Re: [whatwg] StringEncoding: Allowed encodings for TextEncoder from Glenn Maynard on 2012-08-07 (public-whatwg-archive@w3.org from August 2012)

From: Glenn Maynard <glenn@zewt.org>
Date: Tue, 7 Aug 2012 12:47:15 -0500
To: Joshua Bell <jsbell@chromium.org>
Cc: WHAT Working Group <whatwg@whatwg.org>, Jonas Sicking <jonas@sicking.cc>
Message-ID: <CABirCh_L7FeyJNrtiTd4LRqt4d-twwPfdODcTJ8_uHaMwMqCWA@mail.gmail.com>

On Tue, Aug 7, 2012 at 11:48 AM, Joshua Bell <jsbell@chromium.org> wrote:

> It doesn't appear we reached consensus - there was some desire expressed
> to scope to UTF-8, then perhaps expand to include UTF-16, definite
> consensus that any encoding supported should be handled by both encode and
> decode, then comments about XHR and form data encodings, but then the
> discussion wandered into stateful vs. stateless encodings which took us off
> topic. So Glenn's comment below pretty much reboots the conversation where
> it was:
>

I don't agree that we necessarily need to support both encode and decode
for every encoding.

For example, an MP3 tag editor supporting legacy ID3 tags may want to be
able to decode ISO-8859-1, since it allows tags in that encoding.  However,
there's no reason to ever write MP3 tags in anything but Unicode--they only
need decode support for 8859-1, not encode.

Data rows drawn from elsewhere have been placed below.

lemma max_norm_attained: "\<exists>i. max_norm x = \<bar>x $ i\<bar>"
proof -
  have "max_norm x \<in> range (\<lambda>i. \<bar>x $ i\<bar>)"
    unfolding max_norm_def by (rule Max_in) auto
  then show ?thesis
    by auto
qed

lemma max_norm_mono: "(\<And>i. \<bar>u $ i\<bar> \<le> \<bar>v $ i\<bar>) \<Longrightarrow> max_norm u \<le> max_norm v"
  by (meson abs_component_le_max_norm max_norm_le_iff order_trans)

lemma max_norm_scaleR: "max_norm (c *\<^sub>R x) = \<bar>c\<bar> * max_norm x"
proof (rule antisym)
  show "max_norm (c *\<^sub>R x) \<le> \<bar>c\<bar> * max_norm x"
    by (auto simp: max_norm_le_iff abs_mult intro: mult_left_mono abs_component_le_max_norm)
  obtain i where "max_norm x = \<bar>x $ i\<bar>"
    using max_norm_attained by blast
  then show "\<bar>c\<bar> * max_norm x \<le> max_norm (c *\<^sub>R x)"
    using abs_component_le_max_norm[of "c *\<^sub>R x" i] by (simp add: abs_mult)
qed

lemma max_norm_triangle: "max_norm (x + y) \<le> max_norm x + max_norm y"
  unfolding max_norm_le_iff
  by (metis abs_component_le_max_norm abs_triangle_ineq add_mono order_trans vector_add_component)

lemma abs_component_le_lpnorm: "1 \<le> p \<Longrightarrow> \<bar>x $ i\<bar> \<le> lpnorm p x"
  by (cases p) (simp_all add: abs_component_le_max_norm abs_component_le_lq_norm)

lemma lpnorm_nonneg: "1 \<le> p \<Longrightarrow> 0 \<le> lpnorm p x"
  using abs_component_le_lpnorm[of p x undefined] by linarith

lemma lpnorm_zero: "1 \<le> p \<Longrightarrow> lpnorm p 0 = 0"
  by (cases p) (simp_all add: max_norm_def lq_norm_def)

lemma lpnorm_eq_0_iff:
  assumes "1 \<le> p"
  shows "lpnorm p x = 0 \<longleftrightarrow> x = 0"
proof
  show "x = 0" if "lpnorm p x = 0"
    using abs_component_le_lpnorm[OF assms, of x] that by (simp add: vec_eq_iff)
qed (simp add: lpnorm_zero[OF assms])

lemma lpnorm_mono:
  fixes u v :: "real^'n"
  assumes "1 \<le> p" "\<And>i. \<bar>u $ i\<bar> \<le> \<bar>v $ i\<bar>"
  shows "lpnorm p u \<le> lpnorm p v"
  using assms by (cases p) (simp_all add: max_norm_mono lq_norm_mono)

lemma lpnorm_scaleR:
  fixes x :: "real^'n"
  assumes "1 \<le> p"
  shows "lpnorm p (c *\<^sub>R x) = \<bar>c\<bar> * lpnorm p x"
  using assms by (cases p) (simp_all add: max_norm_scaleR lq_norm_scaleR)

lemma lpnorm_triangle:
  fixes x y :: "real^'n"
  assumes "1 \<le> p"
  shows "lpnorm p (x + y) \<le> lpnorm p x + lpnorm p y"
  using assms by (cases p) (simp_all add: max_norm_triangle lq_norm_triangle)

lemma lpnorm_sum_le:
  fixes v :: "'a \<Rightarrow> real^'n"
  assumes "1 \<le> p"
  shows "lpnorm p (\<Sum>j\<in>S. v j) \<le> (\<Sum>j\<in>S. lpnorm p (v j))"
proof (induction S rule: infinite_finite_induct)
  case (insert j S)
  then show ?case
    using lpnorm_triangle[OF assms, of "v j" "sum v S"] by simp
qed (simp_all add: lpnorm_zero[OF assms])

lemma lpnorm_mult_vec_le_sum_columns:
  fixes A :: "real^'m^'n"
  assumes "1 \<le> p"
  shows "lpnorm p (A *v x) \<le> (\<Sum>j\<in>UNIV. lpnorm p (column j A)) * lpnorm p x"
proof -
  have "lpnorm p (A *v x) \<le> (\<Sum>j\<in>UNIV. lpnorm p (x $ j *\<^sub>R column j A))"
    unfolding matrix_mult_sum scalar_mult_eq_scaleR by (rule lpnorm_sum_le[OF assms])
  also have "\<dots> \<le> (\<Sum>j\<in>UNIV. lpnorm p x * lpnorm p (column j A))"
    by (intro sum_mono)
      (simp add: lpnorm_scaleR[OF assms] mult_right_mono abs_component_le_lpnorm[OF assms]
        lpnorm_nonneg[OF assms])
  finally show ?thesis
    by (simp add: sum_distrib_left mult.commute)
qed

lemma bdd_above_opnorm_p:
  fixes A :: "real^'m^'n"
  assumes "1 \<le> p"
  shows "bdd_above ((\<lambda>x. lpnorm p (A *v x)) ` {x. lpnorm p x \<le> 1})"
proof (rule bdd_aboveI2)
  fix x :: "real^'m"
  assume "x \<in> {x. lpnorm p x \<le> 1}"
  then show "lpnorm p (A *v x) \<le> (\<Sum>j\<in>UNIV. lpnorm p (column j A))"
    using lpnorm_mult_vec_le_sum_columns[OF assms, of A x]
    by (simp add: mult_left_le sum_nonneg lpnorm_nonneg[OF assms] order_trans)
qed

lemma lpnorm_mult_vec_le_opnorm_p:
  fixes A :: "real^'m^'n"
  assumes "1 \<le> p"
  shows "lpnorm p (A *v x) \<le> opnorm_p p A * lpnorm p x"
proof (cases "x = 0")
  case True
  then show ?thesis
    by (simp add: lpnorm_zero[OF assms])
next
  case False
  define n where "n = lpnorm p x"
  have n: "n > 0"
    using False lpnorm_nonneg[OF assms, of x] lpnorm_eq_0_iff[OF assms, of x] n_def by simp
  have "lpnorm p (A *v (x /\<^sub>R n)) \<le> opnorm_p p A"
    unfolding opnorm_p_def using n
    by (intro cSup_upper bdd_above_opnorm_p[OF assms]) (simp add: lpnorm_scaleR[OF assms] n_def)
  then show ?thesis
    using n by (simp add: matrix_vector_mult_scaleR lpnorm_scaleR[OF assms] n_def field_simps)
qed

lemma opnorm_p_nonneg:
  fixes A :: "real^'m^'n"
  assumes "1 \<le> p"
  shows "0 \<le> opnorm_p p A"
proof -
  have "lpnorm p (A *v 0) \<le> opnorm_p p A"
    unfolding opnorm_p_def
    by (intro cSup_upper bdd_above_opnorm_p[OF assms] imageI) (simp add: lpnorm_zero[OF assms])
  then show ?thesis
    by (simp add: lpnorm_zero[OF assms])
qed

lemma diag_mat_mult_vec: "diag_mat v *v x = (\<chi> i. v $ i * x $ i)"
  unfolding diag_mat_def matrix_vector_mult_def vec_eq_iff
  by (simp add: if_distrib[where f="\<lambda>c. c * _"] cong: if_cong)

lemma slope_restricted_diff:
  assumes "slope_restricted s a b" "a \<le> b"
  obtains c where "a \<le> c" "c \<le> b" "s x - s y = c * (x - y)"
proof (cases "x = y")
  case True
  then show ?thesis
    using that assms(2) by simp
next
  case False
  then show ?thesis
    using that[of "(s x - s y) / (x - y)"] assms(1) by (simp add: slope_restricted_def)
qed

lemma slope_restricted_shift_bound:
  assumes "slope_restricted s a b" "a \<le> b"
  shows "\<bar>s x - s y - d * (x - y)\<bar> \<le> max \<bar>b - d\<bar> \<bar>d - a\<bar> * \<bar>x - y\<bar>"
proof -
  obtain c where c: "a \<le> c" "c \<le> b" and diff: "s x - s y = c * (x - y)"
    using slope_restricted_diff[OF assms] .
  have "\<bar>c - d\<bar> \<le> max \<bar>b - d\<bar> \<bar>d - a\<bar>"
    using c by auto
  then show ?thesis
    by (simp add: diff left_diff_distrib[symmetric] abs_mult mult_right_mono)
qed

This pattern of decode support for legacy, but only encoding to Unicode,
seems common today.  Many email clients today (not a use case, just a
comparison) also decode from any encoding but send only in UTF-8.

That's not to say there are no use cases for encoding other encodings, but
it's much easier to relax the restriction later and allow them if we really
need to than it is to go the other way, and I think there's a danger of
perpetuating legacy encodings if we're not careful.

 There are also cross-browser differences in handling decoding of certain
> code points in certain encodings. Exposing those encodings in a new API
> would either require that the browser vendors expose those differences
> (bleah) or implement a compatibility switch in the affected codecs (bleah).
>

The real fix for this would be for browsers to implement the encodings in
the correct, interoperable way when exposed by this API, even if that means
that this API interprets data differently than eg. the HTML parser.  MS has
made it clear that they won't touch their encodings in any way, due to
legacy support, but hopefully that doesn't apply to a new API with no
legacy at all.  (If you want to find that out you'll need to ask on webapps
or through some other channel, since they're not on this list.)

-- 
Glenn Maynard

Received on Tuesday, 7 August 2012 17:47:49 UTC